What it is and where it is
Often, passing by this square in a distracted way one wonders: why such a strange sculpture? Why is there such a seemingly incomprehensible dedication in Abano? One has to look at the whole to understand that it is a sundial that occupies an area of about 3,000 square meters and is located between the cathedral of San Lorenzo and the municipality of Abano, in the square named after the Sun at Peace.
Why it is special
There are deep, cryptic thoughts that are difficult to explore. It is Curiosity that animates us and drives us to explore the mystery with the slowness of reading, science, research and study. But even as we walk among these marbles and try to understand something of the complex sciences that populate the square, we can meditate on ourselves as well. Observe, for example, the two initial labyrinths: getting lost and finding ourselves. And we can also reason about opposites repelling and attracting each other through the circle containing the four elements (measuring 4 meters in diameter) and having the universe at their center.
Not to be missed
The sculpture that can be seen even from a distance is actually a gnomon: the staff that, based on where its shadow goes at any given time, allows us to read the hours. The one we see here is the result of studies by Salvador Condé and Giovanni Paltinieri, and in addition to the hour, it tells us the proximity to Solstices and Equinoxes. The two sides of the gnomon are decorated with themes dedicated to Pietro D'Abano, who was born in this city and was a great university lecturer, astronomer and philosopher in the 13th century, and to Galileo Galilei who, although he was not from Padua, found the freedom he needed in this city to be able to further his studies.
A bit of history
It was completed in late 1996 by a group of experts in different fields: the creator Salvador Condè, an astrophile; Giulio Genta, a designer and architect; Giovanni Paltrinieri, a gnomonist (the scientist who studies the sun's trajectory and the division of the diurnal arc by projections); and Miro Mazzuccato, the impresario. It aims to take up the history of astronomy and the scanning of time, but also to recall what philosophical thoughts have characterized the studies in the past, incorporating within it a synthesis of all the fundamental scientific laws of human knowledge.

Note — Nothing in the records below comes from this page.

(* Let $G:\mathbb{R}^n\to\mathbb{R}^m$ be continuously differentiable and define $H:\mathbb{R}^n\to\mathbb{R}^{n+m}$ by $H(v)=\begin{bmatrix} v\\ G(v)\end{bmatrix}$, so that $\nabla H(v)=\begin{bmatrix}I_n\\ \nabla G(v)\end{bmatrix}$. Fix $v_{\mathrm{ref}}\in\mathbb{R}^n$ and let $\nabla G(v_{\mathrm{ref}})=\Psi\Lambda\Phi^\top$ be a reduced singular value decomposition, where $r$ is the rank of $\nabla G(v_{\mathrm{ref}})$, $\Psi\in\mathbb{R}^{m\times r}$ and $\Phi\in\mathbb{R}^{n\times r}$ have orthonormal columns, and $\Lambda\in\mathbb{R}^{r\times r}$ is diagonal with positive diagonal entries. Define $$\widetilde Q=\nabla H(v_{\mathrm{ref}})\big(\nabla H(v_{\mathrm{ref}})^\top\nabla H(v_{\mathrm{ref}})\big)^{-1/2}\in\mathbb{R}^{(n+m)\times n}$$ (the orthonormal factor of the polar decomposition of $\nabla H(v_{\mathrm{ref}})$). Then: (i) For $\xi\in\mathbb{R}^n$, the nonlinear system $\widetilde Q^\top H(v)=\xi$ is equivalent to the system $$(I_n-\Phi\Phi^\top)\xi=(I_n-\Phi\Phi^\top)v,\qquad \Phi\Phi^\top\xi=\Phi\Big[(\Lambda^2+I_r)^{-1/2}\big(\Phi^\top v+\Lambda\Psi^\top G(v)\big)\Big].$$ (ii) The function $$w(v)=\big|\det(\widetilde Q^\top\nabla H(v))\big|^{-1}\exp\Big(-\tfrac12\|H(v)\|^2+\tfrac12\|\widetilde Q^\top H(v)\|^2\Big)$$ can be written as $$w(v)=\big|\det(\widetilde Q^\top\nabla H(v))\big|^{-1}\exp\Big(-\tfrac12\|G(v)\|^2-\tfrac12\|\Phi^\top v\|^2+\tfrac12\big\|(\Lambda^2+I_r)^{-1/2}\big(\Phi^\top v+\Lambda\Psi^\top G(v)\big)\big\|^2\Big),$$ where $$\big|\det(\widetilde Q^\top\nabla H(v))\big|=\big|\det(\Lambda^2+I_r)^{-1/2}\big|\,\big|\det\big(I_r+\Lambda\Psi^\top\nabla G(v)\Phi\big)\big|.$$
   Context: $\|\cdot\|$ denotes the Euclidean norm; $I_k$ the $k\times k$ identity matrix. The function $w$ is the importance weight (target density over RTO proposal density, up to constants) for the randomize-then-optimize (RTO) proposal built with the orthonormal basis $\widetilde Q$ of the range of $\nabla H(v_{\mathrm{ref}})$, for the target density $\pi(v)\propto\exp(-\frac12\|H(v)\|^2)$. *)

theory Defs
  imports "HOL-Analysis.Analysis"
begin

definition diag_mat :: "real^'r \<Rightarrow> real^'r^'r" where
  "diag_mat d = (\<chi> i j. if i = j then d $ i else 0)"

definition psd :: "real^'k^'k \<Rightarrow> bool" where
  "psd S \<longleftrightarrow> transpose S = S \<and> (\<forall>x. 0 \<le> x \<bullet> (S *v x))"

definition psd_sqrt :: "real^'k^'k \<Rightarrow> real^'k^'k" where
  "psd_sqrt A = (THE S. psd S \<and> S ** S = A)"

definition inv_sqrt :: "real^'k^'k \<Rightarrow> real^'k^'k" where
  "inv_sqrt A = matrix_inv (psd_sqrt A)"

definition stackH :: "(real^'n \<Rightarrow> real^'m) \<Rightarrow> real^'n \<Rightarrow> real^('n + 'm)" where
  "stackH G v = (\<chi> i. case i of Inl j \<Rightarrow> v $ j | Inr k \<Rightarrow> G v $ k)"

text \<open>Jacobian matrix of G at v, where G' v is the Frechet derivative of G at v.\<close>
definition jac :: "(real^'n \<Rightarrow> real^'n \<Rightarrow> real^'m) \<Rightarrow> real^'n \<Rightarrow> real^'n^'m" where
  "jac G' v = matrix (G' v)"

definition gradH :: "(real^'n \<Rightarrow> real^'n \<Rightarrow> real^'m) \<Rightarrow> real^'n \<Rightarrow> real^'n^('n + 'm)" where
  "gradH G' v = (\<chi> i j. case i of Inl a \<Rightarrow> (mat 1 :: real^'n^'n) $ a $ j
                                   | Inr k \<Rightarrow> jac G' v $ k $ j)"

definition Qtilde :: "(real^'n \<Rightarrow> real^'n \<Rightarrow> real^'m) \<Rightarrow> real^'n \<Rightarrow> real^'n^('n + 'm)" where
  "Qtilde G' vref = gradH G' vref ** inv_sqrt (transpose (gradH G' vref) ** gradH G' vref)"

definition rto_weight ::
  "(real^'n \<Rightarrow> real^'m) \<Rightarrow> (real^'n \<Rightarrow> real^'n \<Rightarrow> real^'m) \<Rightarrow> real^'n \<Rightarrow> real^'n \<Rightarrow> real" where
  "rto_weight G G' vref v =
     inverse \<bar>det (transpose (Qtilde G' vref) ** gradH G' v)\<bar> *
     exp (- (1/2) * (norm (stackH G v))\<^sup>2
          + (1/2) * (norm (transpose (Qtilde G' vref) *v stackH G v))\<^sup>2)"

end

theory Submission
  imports Defs
begin

(* The Gram matrix grad H(v_ref)^T grad H(v_ref) = I + Phi Lambda^2 Phi^T acts as Lambda^2 + I
   on the range of Phi and as the identity on its orthogonal complement. Matrices of this shape
   are closed under products and preserve positive semidefiniteness, so by uniqueness of the
   PSD square root (the usual trace argument) Q~^T = T grad H(v_ref)^T, where T acts as
   (Lambda^2 + I)^(-1/2) on the range of Phi and as the identity elsewhere.
   Since grad H(v_ref)^T H(v) = v + Phi Lambda Psi^T G(v), T splits Q~^T H(v) into its
   components in the orthogonal complement and in the range of Phi: this is (i), and
   Pythagoras gives the exponent in (ii). For the determinant, det T = det (Lambda^2 + I)^(-1/2)
   and det (I_n + Phi K) = det (I_r + K Phi) by Sylvester's identity, which follows from the two
   LDU and UDL block factorisations of [I, -B; C, I]. *)

(* Keep transpose A *v x unrewritten (not x v* A): the lemmas below are stated in that form. *)
declare transpose_matrix_vector [simp del]

lemma sum_UNIV_Plus:
  "sum f (UNIV :: ('a::finite + 'b::finite) set) = (\<Sum>a\<in>UNIV. f (Inl a)) + (\<Sum>b\<in>UNIV. f (Inr b))"
  using sum.Plus[of "UNIV :: 'a set" "UNIV :: 'b set" f] by (simp add: comp_def)

lemma prod_UNIV_Plus:
  "prod f (UNIV :: ('a::finite + 'b::finite) set) = (\<Prod>a\<in>UNIV. f (Inl a)) * (\<Prod>b\<in>UNIV. f (Inr b))"
  using prod.Plus[of "UNIV :: 'a set" "UNIV :: 'b set" f] by (simp add: comp_def)

lemma matrix_add_rdistrib: "(A + B) ** C = A ** C + B ** (C :: 'a::semiring_1^_^_)"
  by (vector matrix_matrix_mult_def sum.distrib[symmetric] distrib_right)

lemma matrix_diff_ldistrib: "C ** (A - B) = C ** A - C ** (B :: 'a::ring_1^_^_)"
  by (vector matrix_matrix_mult_def sum_subtractf[symmetric] right_diff_distrib)

lemma matrix_diff_rdistrib: "(A - B) ** C = A ** C - B ** (C :: 'a::ring_1^_^_)"
  by (vector matrix_matrix_mult_def sum_subtractf[symmetric] left_diff_distrib)

lemma matrix_neg_left: "(- A) ** C = - (A ** (C :: 'a::ring_1^_^_))"
  by (vector matrix_matrix_mult_def sum_negf[symmetric])

lemma matrix_neg_right: "C ** (- A) = - (C ** (A :: 'a::ring_1^_^_))"
  by (vector matrix_matrix_mult_def sum_negf[symmetric])

lemma transpose_add: "transpose (A + B) = transpose A + transpose (B :: 'a::plus^_^_)"
  by (vector transpose_def)

lemma transpose_diff: "transpose (A - B) = transpose A - transpose (B :: 'a::ab_group_add^_^_)"
  by (vector transpose_def)

lemma inner_matrix_vector_transpose: "(A *v x) \<bullet> y = x \<bullet> (transpose A *v (y :: real^_))"
  by (metis dot_lmul_matrix inner_commute transpose_matrix_vector)

lemma matrix_inv_unique:
  fixes A :: "'a::semiring_1^'n^'n"
  assumes AB: "A ** B = mat 1" and BA: "B ** A = mat 1"
  shows "matrix_inv A = B"
proof -
  have "\<exists>A'. A ** A' = mat 1 \<and> A' ** A = mat 1"
    using AB BA by blast
  then have inv: "matrix_inv A ** A = mat 1"
    unfolding matrix_inv_def by (rule someI2_ex) simp
  have "matrix_inv A = matrix_inv A ** (A ** B)" by (simp add: AB)
  also have "\<dots> = B" by (simp add: matrix_mul_assoc inv)
  finally show ?thesis .
qed

section \<open>Determinants of block matrices\<close>

lemma det_triangular_rank:
  fixes A :: "'a::comm_ring_1^'n^'n" and rk :: "'n \<Rightarrow> nat"
  assumes below: "\<And>i j. i \<noteq> j \<Longrightarrow> rk j \<le> rk i \<Longrightarrow> A $ i $ j = 0"
  shows "det A = (\<Prod>i\<in>UNIV. A $ i $ i)"
proof -
  let ?PU = "{p. p permutes (UNIV :: 'n set)}"
  let ?pp = "\<lambda>p. of_int (sign p) * (\<Prod>i\<in>UNIV. A $ i $ p i)"
  have vanish: "?pp p = 0" if p: "p \<in> ?PU - {id}" for p
  proof -
    have "\<exists>i. p i \<noteq> i \<and> rk (p i) \<le> rk i"
    proof (rule ccontr)
      assume "\<not> ?thesis"
      then have up: "\<And>i. p i \<noteq> i \<Longrightarrow> rk i < rk (p i)" by force
      then have "rk i \<le> rk (p i)" for i by (cases "p i = i") (auto intro: less_imp_le)
      moreover obtain k where "p k \<noteq> k" using p by fastforce
      ultimately have "(\<Sum>i\<in>UNIV. rk i) < (\<Sum>i\<in>UNIV. rk (p i))"
        using up by (intro sum_strict_mono_ex1) auto
      moreover have "(\<Sum>i\<in>UNIV. rk (p i)) = (\<Sum>i\<in>UNIV. rk i)"
        using p sum.permute[of p UNIV rk] by (simp add: comp_def)
      ultimately show False by simp
    qed
    then show ?thesis using below by (metis (no_types) UNIV_I finite prod_zero mult_zero_right)
  qed
  have "det A = (\<Sum>p\<in>{id}. ?pp p)"
    unfolding det_def using vanish
    by (intro sum.mono_neutral_right) (auto simp: permutes_id finite_permutations)
  then show ?thesis by (simp add: sign_id)
qed

definition block_mat ::
  "'a^'c^'r \<Rightarrow> 'a^'d^'r \<Rightarrow> 'a^'c^'s \<Rightarrow> 'a^'d^'s \<Rightarrow> 'a^('c + 'd)^('r + 's)" where
  "block_mat A B C D = (\<chi> i j. case i of
      Inl a \<Rightarrow> (case j of Inl b \<Rightarrow> A $ a $ b | Inr b \<Rightarrow> B $ a $ b)
    | Inr a \<Rightarrow> (case j of Inl b \<Rightarrow> C $ a $ b | Inr b \<Rightarrow> D $ a $ b))"

lemma block_mat_nth [simp]:
  "block_mat A B C D $ Inl i $ Inl j = A $ i $ j"
  "block_mat A B C D $ Inl i $ Inr l = B $ i $ l"
  "block_mat A B C D $ Inr k $ Inl j = C $ k $ j"
  "block_mat A B C D $ Inr k $ Inr l = D $ k $ l"
  by (simp_all add: block_mat_def)

lemma block_mat_mult:
  fixes A :: "'a::semiring_1^'c^'r"
  shows "block_mat A B C D ** block_mat E F G H =
    block_mat (A ** E + B ** G) (A ** F + B ** H) (C ** E + D ** G) (C ** F + D ** H)"
  unfolding vec_eq_iff
proof (intro allI)
  fix i j
  show "(block_mat A B C D ** block_mat E F G H) $ i $ j =
    block_mat (A ** E + B ** G) (A ** F + B ** H) (C ** E + D ** G) (C ** F + D ** H) $ i $ j"
    by (cases i; cases j) (simp_all only: matrix_matrix_mult_def vec_lambda_beta sum_UNIV_Plus
        block_mat_nth vector_add_component)
qed
(* For every $\eta>0$ there exists $k_0=k_0(\eta)$ such that for all $k\ge k_0$ and $n\ge2k$ the following holds. Let $P\subseteq[n]$ with $\eta\le|P|/n\le1-\eta$, and let $M$ be a matching of size $k$ in the complete graph on $[n]$, chosen uniformly at random among all such matchings. Then with probability at least $\frac56$, the number of edges $uv\in M$ with $u\in P$ and $v\notin P$ is at least $\eta k/25$. *)

theory Defs
  imports "HOL-Probability.Probability"
begin

definition complete_edges :: "nat \<Rightarrow> nat set set" where
  "complete_edges n = {e. \<exists>u v. e = {u, v} \<and> u \<noteq> v \<and> u \<in> {1..n} \<and> v \<in> {1..n}}"

definition matchings :: "nat \<Rightarrow> nat \<Rightarrow> nat set set set" where
  "matchings n k = {M. M \<subseteq> complete_edges n \<and> card M = k \<and>
      (\<forall>e\<in>M. \<forall>f\<in>M. e \<noteq> f \<longrightarrow> e \<inter> f = {})}"

definition crossing :: "nat set \<Rightarrow> nat set set \<Rightarrow> nat" where
  "crossing P M = card {e \<in> M. \<exists>u v. e = {u, v} \<and> u \<in> P \<and> v \<notin> P}"

end

theory Submission
  imports Defs "HOL-Combinatorics.Permutations"
begin

(*
  Second moment method. Let C be the set of edges of the complete graph joining P to its
  complement, so |C| = |P| (n - |P|) >= eta (n choose 2), and let X = |M \<inter> C|. The
  permutations of [n] act on the matchings of size k and are transitive on edges and on ordered
  pairs of disjoint edges. Hence every edge lies in M with probability k / (n choose 2) and every
  ordered pair of disjoint edges with probability k (k - 1) / ((n choose 2) ((n - 2) choose 2)).
  This gives E X = k |C| / (n choose 2) >= eta k and Var X <= E X + 8 k, and Chebyshev's
  inequality bounds the probability of X < eta k / 25 by 1/6 as soon as k eta^2 >= 200.
*)

definition crossing_edges :: "nat set \<Rightarrow> nat \<Rightarrow> nat set set" where
  "crossing_edges P n = {e \<in> complete_edges n. \<exists>u v. e = {u, v} \<and> u \<in> P \<and> v \<notin> P}"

Salvador Condé (died Jan. 27, 2020), the philosophical and astronomical originator of the Sundial, was a proud Aponian. In his long life (101 years) he devoted himself to many passions, teaching, politics and astronomy first. Even today, if we pass his house on Stella Street, we notice a metal dome, built so that he could observe the stars when it pleased him most, often inviting children to learn this from him. To get a good look at it, you need only go behind the library and observe the dome from there.